The MN Movie Man

The Concorde…Airport ’79 (1979) 4K UHD Review: Mach 2 Mayhem

Synopsis: At twice the speed of sound, the Concorde must evade a vicious attack by a traitorous arms smuggler.
Stars: Alain Delon, Robert Wagner, George Kennedy, Susan Blakely, Sylvia Kristel, Eddie Albert, Bibi Andersson, Charo, John Davidson, Martha Raye, Cicely Tyson, David Warner, Jimmie Walker, Sybil Danning, Mercedes McCambridge, Avery Scheiber, Monica Lewis, Ed Begley Jr.
Director: David Lowell Rich
Rated: PG
Running Length: 113 minutes
Movie Review in Brief: David Lowell Rich’s franchise-killer delivers two movies’ worth of absurd spectacle for the price of one, a gaudy, ridiculous finale that’s more entertaining than it has any right to be.

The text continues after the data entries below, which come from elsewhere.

lemma linear_on_expand:
  assumes "linear_on n E" "is_mat n A"
  shows "E A a b = (\<Sum>k<n. \<Sum>l<n. A k l * E (unitm k l) a b)"
proof -
  have "E A = (\<lambda>a b. \<Sum>(k, l)\<in>{..<n} \<times> {..<n}. A k l * E (unitm k l) a b)"
    using linear_on_sum[OF assms(1), of "{..<n} \<times> {..<n}" "\<lambda>(k, l). unitm k l" "\<lambda>(k, l). A k l"]
      matrix_unit_expansion[OF assms(2)]
    by (auto simp: is_mat_unitm case_prod_beta')
  then show ?thesis by (simp add: sum.cartesian_product)
qed

lemma ampl_prod_comp:
  assumes "linear_on n F" "\<And>i j. i < n \<Longrightarrow> j < n \<Longrightarrow> is_mat n (G (unitm i j))"
  shows "ampl_prod n (F \<circ> G) X = ampl_prod n F (ampl_prod n G X)"
proof (intro ext)
  fix x y
  have "ampl_prod n (F \<circ> G) X x y = (\<Sum>i<n. \<Sum>j<n. X (i, snd x) (j, snd y) *
          (\<Sum>k<n. \<Sum>l<n. G (unitm i j) k l * F (unitm k l) (fst x) (fst y)))"
    unfolding ampl_prod_def o_def using linear_on_expand[OF assms(1) assms(2)]
    by (intro sum.cong refl) simp
  also have "\<dots> = (\<Sum>i<n. \<Sum>j<n. \<Sum>k<n. \<Sum>l<n.
          X (i, snd x) (j, snd y) * G (unitm i j) k l * F (unitm k l) (fst x) (fst y))"
    by (simp add: sum_distrib_left mult.assoc)
  also have "\<dots> = (\<Sum>k<n. \<Sum>l<n. \<Sum>i<n. \<Sum>j<n.
          X (i, snd x) (j, snd y) * G (unitm i j) k l * F (unitm k l) (fst x) (fst y))"
    by (rule sum_swap_outer_pair)
  also have "\<dots> = ampl_prod n F (ampl_prod n G X) x y"
    unfolding ampl_prod_def by (simp add: sum_distrib_right)
  finally show "ampl_prod n (F \<circ> G) X x y = ampl_prod n F (ampl_prod n G X) x y" .
qed

lemma completely_positive_comp:
  assumes n: "0 < n" and F: "completely_positive n F" and G: "completely_positive n G"
  shows "completely_positive n (F \<circ> G)"
proof -
  have Gmat: "\<And>A. is_mat n A \<Longrightarrow> is_mat n (G A)" and Fmat: "\<And>A. is_mat n A \<Longrightarrow> is_mat n (F A)"
    and "linear_on n F" "linear_on n G" "cp_prod n F" "cp_prod n G"
    using F G by (simp_all add: completely_positive_iff_cp_prod[OF n])
  moreover from this have "linear_on n (F \<circ> G)"
    unfolding linear_on_def by (simp add: Gmat)
  moreover from calculation have "cp_prod n (F \<circ> G)"
    unfolding cp_prod_def by (simp add: ampl_prod_comp Gmat is_mat_unitm)
  ultimately show ?thesis by (simp add: completely_positive_iff_cp_prod[OF n])
qed

lemma completely_positive_add:
  assumes n: "0 < n" and F: "completely_positive n F" and G: "completely_positive n G"
  shows "completely_positive n (\<lambda>\<rho>. madd (F \<rho>) (G \<rho>))"
proof -
  have ampl_add: "ampl_prod n (\<lambda>\<rho>. madd (F \<rho>) (G \<rho>)) X
      = (\<lambda>x y. ampl_prod n F X x y + ampl_prod n G X x y)" for X :: "nat \<times> nat \<Rightarrow> _"
    unfolding ampl_prod_def madd_def by (simp add: algebra_simps sum.distrib)
  have "cp_prod n (\<lambda>\<rho>. madd (F \<rho>) (G \<rho>))"
    using F G unfolding completely_positive_iff_cp_prod[OF n] cp_prod_def ampl_add
    by (blast intro: psd_on_add)
  moreover have "linear_on n (\<lambda>\<rho>. madd (F \<rho>) (G \<rho>))"
    using F G unfolding completely_positive_def linear_on_def madd_def
    by (simp add: algebra_simps)
  moreover have "is_mat n (madd (F A) (G A))" if "is_mat n A" for A
    using F G that unfolding completely_positive_def is_mat_def madd_def by simp
  ultimately show ?thesis by (simp add: completely_positive_iff_cp_prod[OF n])
qed

lemma completely_positive_id:
  assumes n: "0 < n"
  shows "completely_positive n id"
proof -
  have ampl_id: "ampl_prod n id X x y = X x y"
    if "fst x < n" "fst y < n" for x y :: "nat \<times> 'j" and X
  proof -
    have "ampl_prod n id X x y
        = (\<Sum>i<n. \<Sum>j<n. if j = fst y then (if i = fst x then X x y else 0) else 0)"
      unfolding ampl_prod_def by (intro sum.cong refl) (auto simp: unitm_def)
    then show ?thesis using that by simp
  qed
  have "psd_on ({..<n} \<times> J) (ampl_prod n id X) \<longleftrightarrow> psd_on ({..<n} \<times> J) X" for J X
    by (intro psd_on_cong) (auto simp: ampl_id)
  then have "cp_prod n id"
    unfolding cp_prod_def by blast
  then show ?thesis
    by (simp add: completely_positive_iff_cp_prod[OF n] linear_on_def)
qed

lemma completely_positive_zero:
  assumes n: "0 < n"
  shows "completely_positive n (\<lambda>_ _ _. 0)"
  unfolding completely_positive_iff_cp_prod[OF n] cp_prod_def linear_on_def
  by (simp add: ampl_prod_def psd_on_def quad_form_def is_mat_def)

lemma completely_positive_psd:
  assumes n: "0 < n" and E: "completely_positive n E" and \<rho>: "psd n \<rho>"
  shows "psd n (E \<rho>)"
proof -
  have lin: "linear_on n E" and "cp_prod n E" and mat: "is_mat n (E \<rho>)"
    using E \<rho> by (auto simp: completely_positive_iff_cp_prod[OF n] psd_def)
  have "psd_on ({..<n} \<times> {0 :: nat}) (\<lambda>x y. \<rho> (fst x) (fst y))"
  proof (rule psd_on_reindex)
    show "bij_betw fst ({..<n} \<times> {0 :: nat}) {..<n}"
      by (rule bij_betw_byWitness[where f'="\<lambda>a. (a, 0)"]) auto
  qed (use \<rho> in \<open>auto simp: psd_iff_psd_on\<close>)
  then have ampl: "psd_on ({..<n} \<times> {0 :: nat}) (ampl_prod n E (\<lambda>x y. \<rho> (fst x) (fst y)))"
    using \<open>cp_prod n E\<close> by (intro cp_prod_ancilla) simp_all
  have "psd_on {..<n} (E \<rho>)"
  proof (rule psd_on_reindex[OF _ ampl])
    show "bij_betw (\<lambda>a. (a, 0)) {..<n} ({..<n} \<times> {0 :: nat})"
      by (rule bij_betw_byWitness[where f'=fst]) auto
  qed (use \<rho> in \<open>auto simp: ampl_prod_def linear_on_expand[OF lin] psd_def\<close>)
  with mat show ?thesis by (simp add: psd_iff_psd_on)
qed

section \<open>Maps acting on a list of qubits\<close>

lemma bit_iff_mem_set_decode: "bit (i :: nat) x \<longleftrightarrow> x \<in> set_decode i"
  by (simp add: set_decode_def bit_iff_odd)

lemma bit_sub_idx: "bit (sub_idx qs i) t \<longleftrightarrow> t < length qs \<and> bit i (qs ! t)"
proof -
  have "sub_idx qs i = set_encode {t. t < length qs \<and> bit i (qs ! t)}"
    unfolding sub_idx_def set_encode_def
    by (subst sum.inter_filter[symmetric]) (simp_all add: Collect_conj_eq lessThan_def Int_commute)
  then show ?thesis by (simp add: bit_iff_mem_set_decode)
qed

lemma sub_idx_less: "sub_idx qs i < 2 ^ length qs"
proof -
  have geometric: "(\<Sum>t<k. (2 :: nat) ^ t) = 2 ^ k - 1" for k
    by (induction k) auto
  have "sub_idx qs i \<le> (\<Sum>t<length qs. (2 :: nat) ^ t)"
    unfolding sub_idx_def by (intro sum_mono) auto
  also have "\<dots> < 2 ^ length qs" by (simp add: geometric)
  finally show ?thesis .
qed

lemma set_decode_less_two_power:
  assumes "(i :: nat) < 2 ^ N"
  shows "set_decode i \<subseteq> {..<N}"
proof
  fix x assume "x \<in> set_decode i"
  then have "i div 2 ^ x \<noteq> 0" by (auto simp: set_decode_def dest: odd_pos)
  then have "(2 :: nat) ^ x \<le> i" by (simp add: div_greater_zero_iff)
  with assms have "(2 :: nat) ^ x < 2 ^ N" by linarith
  then show "x \<in> {..<N}" using power_less_imp_less_exp[of "2 :: nat" x N] by simp
qed

lemma agree_off_iff:
  assumes "i < 2 ^ N" "j < 2 ^ N"
  shows "agree_off N qs i j \<longleftrightarrow> set_decode i - set qs = set_decode j - set qs"
  using set_decode_less_two_power[OF assms(1)] set_decode_less_two_power[OF assms(2)]
  unfolding agree_off_def bit_iff_mem_set_decode by blast

definition split_index :: "nat list \<Rightarrow> nat \<Rightarrow> nat \<times> nat set" where
  "split_index qs i = (sub_idx qs i, set_decode i - set qs)"

definition join_index :: "nat \<Rightarrow> nat list \<Rightarrow> nat \<times> nat set \<Rightarrow> nat" where
  "join_index N qs = inv_into {..<2 ^ N} (split_index qs)"

lemma inj_split_index: "inj (split_index qs)"
proof (rule injI)
  fix i j assume eq: "split_index qs i = split_index qs j"
  have "x \<in> set_decode i \<longleftrightarrow> x \<in> set_decode j" for x
  proof (cases "x \<in> set qs")
    case True
    then obtain t where "t < length qs" "x = qs ! t" by (auto simp: in_set_conv_nth)
    then show ?thesis
      using eq bit_sub_idx[of qs i t] bit_sub_idx[of qs j t]
      by (simp add: split_index_def bit_iff_mem_set_decode)
  next
    case False
    then show ?thesis using eq by (auto simp: split_index_def)
  qed
  then show "i = j" by (metis set_eqI set_decode_inverse)
qed

lemma split_index_bij:
  assumes "distinct qs" "set qs \<subseteq> {..<N}"
  shows "bij_betw (split_index qs) {..<2 ^ N} ({..<2 ^ length qs} \<times> Pow ({..<N} - set qs))"
proof -
  have sub: "split_index qs ` {..<2 ^ N} \<subseteq> {..<2 ^ length qs} \<times> Pow ({..<N} - set qs)"
    using sub_idx_less set_decode_less_two_power by (fastforce simp: split_index_def)
  have "length qs \<le> N" using assms card_mono[OF _ assms(2)] distinct_card by fastforce
  then have "card ({..<(2 :: nat) ^ length qs} \<times> Pow ({..<N} - set qs)) = 2 ^ N"
    using assms card_Diff_subset[OF _ assms(2)] distinct_card[OF assms(1)]
    by (simp add: card_cartesian_product card_Pow power_add[symmetric])
  also have "\<dots> = card (split_index qs ` {..<2 ^ N})"
    using card_image[OF inj_on_subset[OF inj_split_index]] by simp
  finally show ?thesis
    using card_subset_eq[OF _ sub] inj_on_subset[OF inj_split_index] by (simp add: bij_betw_def)
qed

Buy the film from Kino Lorber here!

Review:

By 1979, disaster movies were running on fumes. So The Concorde… Airport ’79, the fourth and final film in the Airport series, did the only logical thing: it went completely off the rails… while flying at twice the speed of sound.

This is the Fast & Furious entry of the franchise — logic-defying, globe-trotting, and wildly committed to spectacle over sanity. The plot involves an arms-dealing CEO (Robert Wagner, slick as a Bond villain) trying to blow up his journalist ex-girlfriend (Susan Blakely) because she might expose his crimes. She’s on the Concorde. So he sends… a drone. Then a jet fighter. Then a guy to sabotage the cargo door mid-flight. It’s basically WarGames meets Dynasty at 60,000 feet.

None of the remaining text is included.